# Ribs in rub for days.



## jim p (Aug 21, 2013)

I am thinking of making ribs for a party on the Sunday before Labor day.  I am camping that weekend and time will be tight.  I was thinking of applying the rub on Friday before I leave and then smoking them Sunday when I return from camping.  Is 2 days too long to leave rub on ribs, St. Luis cut?   Conversely , how little time can the rub be on the ribs and still attain the desired effect?  Will 1 hr be enough?   I can rub them and let them sit while the smoker comes up to temp?Thank you for your help.Jim


----------



## dirtsailor2003 (Aug 21, 2013)

I apply my rub right before I put the meat in the smoker. I used to do it the day/night before, but have found it makes no difference flavor wise. 

With that said you can rub them down and wrap them up before you leave and they will be fine when you get back. 

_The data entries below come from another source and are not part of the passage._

lemma acoef_diag: "1 \<le> k \<Longrightarrow> k \<le> N \<Longrightarrow> A k k = len k powr (-\<alpha>) / ((1 - \<alpha>) * G)"
proof -
  assume k: "1 \<le> k" "k \<le> N"
  have "len k powr (1 - \<alpha>) = len k * len k powr (-\<alpha>)"
    using len_pos[OF k] powr_add[of "len k" 1 "-\<alpha>"] by simp
  then show ?thesis
    using acoef_eq[of k k] len_eq[of k] len_pos[OF k] k by simp
qed

text \<open>The kernel increases towards its singularity at mid j, so the cell averages A j k
  interlace with its values kern j (mid k) at the grid points.\<close>

lemma integral_kern_cell: "1 \<le> k \<Longrightarrow> k \<le> N \<Longrightarrow> integral {mid (k - 1)..mid k} (kern j) = len k * A j k"
  using len_pos[of k] unfolding acoef_def by simp

lemma acoef_le_kern: "1 \<le> k \<Longrightarrow> k < j \<Longrightarrow> j \<le> N \<Longrightarrow> A j k \<le> kern j (mid k)"
proof -
  assume kj: "1 \<le> k" "k < j" "j \<le> N"
  have "len k * A j k = integral {mid (k - 1)..mid k} (kern j)"
    using integral_kern_cell kj by simp
  also have "\<dots> \<le> integral {mid (k - 1)..mid k} (\<lambda>s. kern j (mid k))"
    using kj mid_strict_mono[of k j] kern_has_integral[of k j]
    by (intro integral_le) (auto intro!: kern_mono)
  also have "\<dots> = len k * kern j (mid k)"
    by (rule integral_const_cell) (use kj in auto)
  finally show ?thesis
    using len_pos[of k] kj by simp
qed

lemma kern_le_acoef_Suc: "1 \<le> k \<Longrightarrow> k < j \<Longrightarrow> j \<le> N \<Longrightarrow> kern j (mid k) \<le> A j (k + 1)"
proof -
  assume kj: "1 \<le> k" "k < j" "j \<le> N"
  let ?S = "{mid (k + 1 - 1)..mid (k + 1)}"
  define g where "g s = (if s = mid j then kern j (mid k) else kern j s)" for s
  have "kern j integrable_on ?S"
    using kern_has_integral[of "k + 1" j] kj by auto
  then have "g integrable_on ?S"
    by (rule integrable_spike[where S="{mid j}"]) (auto simp: g_def)
  have "len (k + 1) * kern j (mid k) = integral ?S (\<lambda>s. kern j (mid k))"
    by (rule integral_const_cell[symmetric]) (use kj in auto)
  also have "\<dots> \<le> integral ?S g"
    using \<open>g integrable_on ?S\<close> mid_mono[of "k + 1" j] kj
    by (intro integral_le) (auto simp: g_def intro!: kern_mono)
  also have "\<dots> = integral ?S (kern j)"
    by (rule integral_spike[of "{mid j}"]) (auto simp: g_def)
  also have "\<dots> = len (k + 1) * A j (k + 1)"
    using integral_kern_cell[of "k + 1"] kj by simp
  finally show ?thesis
    using len_pos[of "k + 1"] kj by simp
qed
lemma sum_restrict_with_diag_offdiag:
  assumes net: "network n Src adj" and bip: "bipartite_sources Src adj"
    and "i < n" "j < n" "i \<noteq> j"
    and zero: "\<not> (\<exists>a\<in>Src. i \<in> adj a \<and> j \<in> adj a) \<Longrightarrow> M i j = 0"
  shows "(\<Sum>a\<in>Src. restrict_with_diag (adj a) M (d a) i j) = M i j"
proof (cases "\<exists>a\<in>Src. i \<in> adj a \<and> j \<in> adj a")
  case True
  then obtain a where a: "a \<in> Src" "i \<in> adj a" "j \<in> adj a" by blast
  have fin: "finite Src" using net by (simp add: network_def)
  have "restrict_with_diag (adj b) M (d b) i j = 0" if "b \<in> Src" "b \<noteq> a" for b
    using bipartite_shared_source_unique[OF net bip that(1) a(1) \<open>i \<noteq> j\<close> _ _ a(2,3)] that(2)
    by (auto simp: restrict_with_diag_def)
  then have "(\<Sum>b\<in>Src. restrict_with_diag (adj b) M (d b) i j)
      = (\<Sum>b\<in>{a}. restrict_with_diag (adj b) M (d b) i j)"
    by (intro sum.mono_neutral_right) (use fin a in auto)
  then show ?thesis using a \<open>i \<noteq> j\<close> by (simp add: restrict_with_diag_def)
next
  case False
  then show ?thesis using zero by (auto simp: restrict_with_diag_def intro!: sum.neutral)
qed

Another side note, when I go camping I pre-season any meats I plan on smoking at camp. Mainly because its easier and cleaner to do in the kitchen than on a rock (we dry cp or boat-in camp) or whatever there is in the campsite.


----------



## smoking b (Aug 21, 2013)

I personally wouldn't let ribs go for 2 days once I applied rub but ymmv. I put my rub on while the smoker is warming up & the ribs turn out great


----------



## turnandburn (Aug 21, 2013)

i left some spares in rub over the weekend, i forgot about them, and smoked them and they tasted pretty hammy...lol. not like it was bad but it was interesting to say the least.. it was like i bit into a ham steak..lol.


----------



## chef jimmyj (Aug 21, 2013)

There are no safety or quality issues with leaving rub on a couple of days. There are restaurants that do it all the time, it is effectively a Dry Brine. The Ribs absorb all the spices and develop a great flavor and tenderness as a result. On the flip side is the crowd that feels the Meat flavor is most important with the rub as a compliment to the meat. These guys apply rub just before smoking. Bottom line do as you wish, you will have great Ribs either way...JJ


----------



## themule69 (Aug 21, 2013)

As long as you do not have a lot of salt. You can do it ether way. A heavy salt rub will pull the moisture out.
Happy smoken.

David


----------



## jim p (Aug 22, 2013)

Thank you for the responses.  I am running scared of leaving the rub on for 2 days.  I think I will rub while the smoke gets up to temp, Time permitting I may let the smoker run for 90 min beofre I put the ribs on, and try to maximize rub to rib time.


----------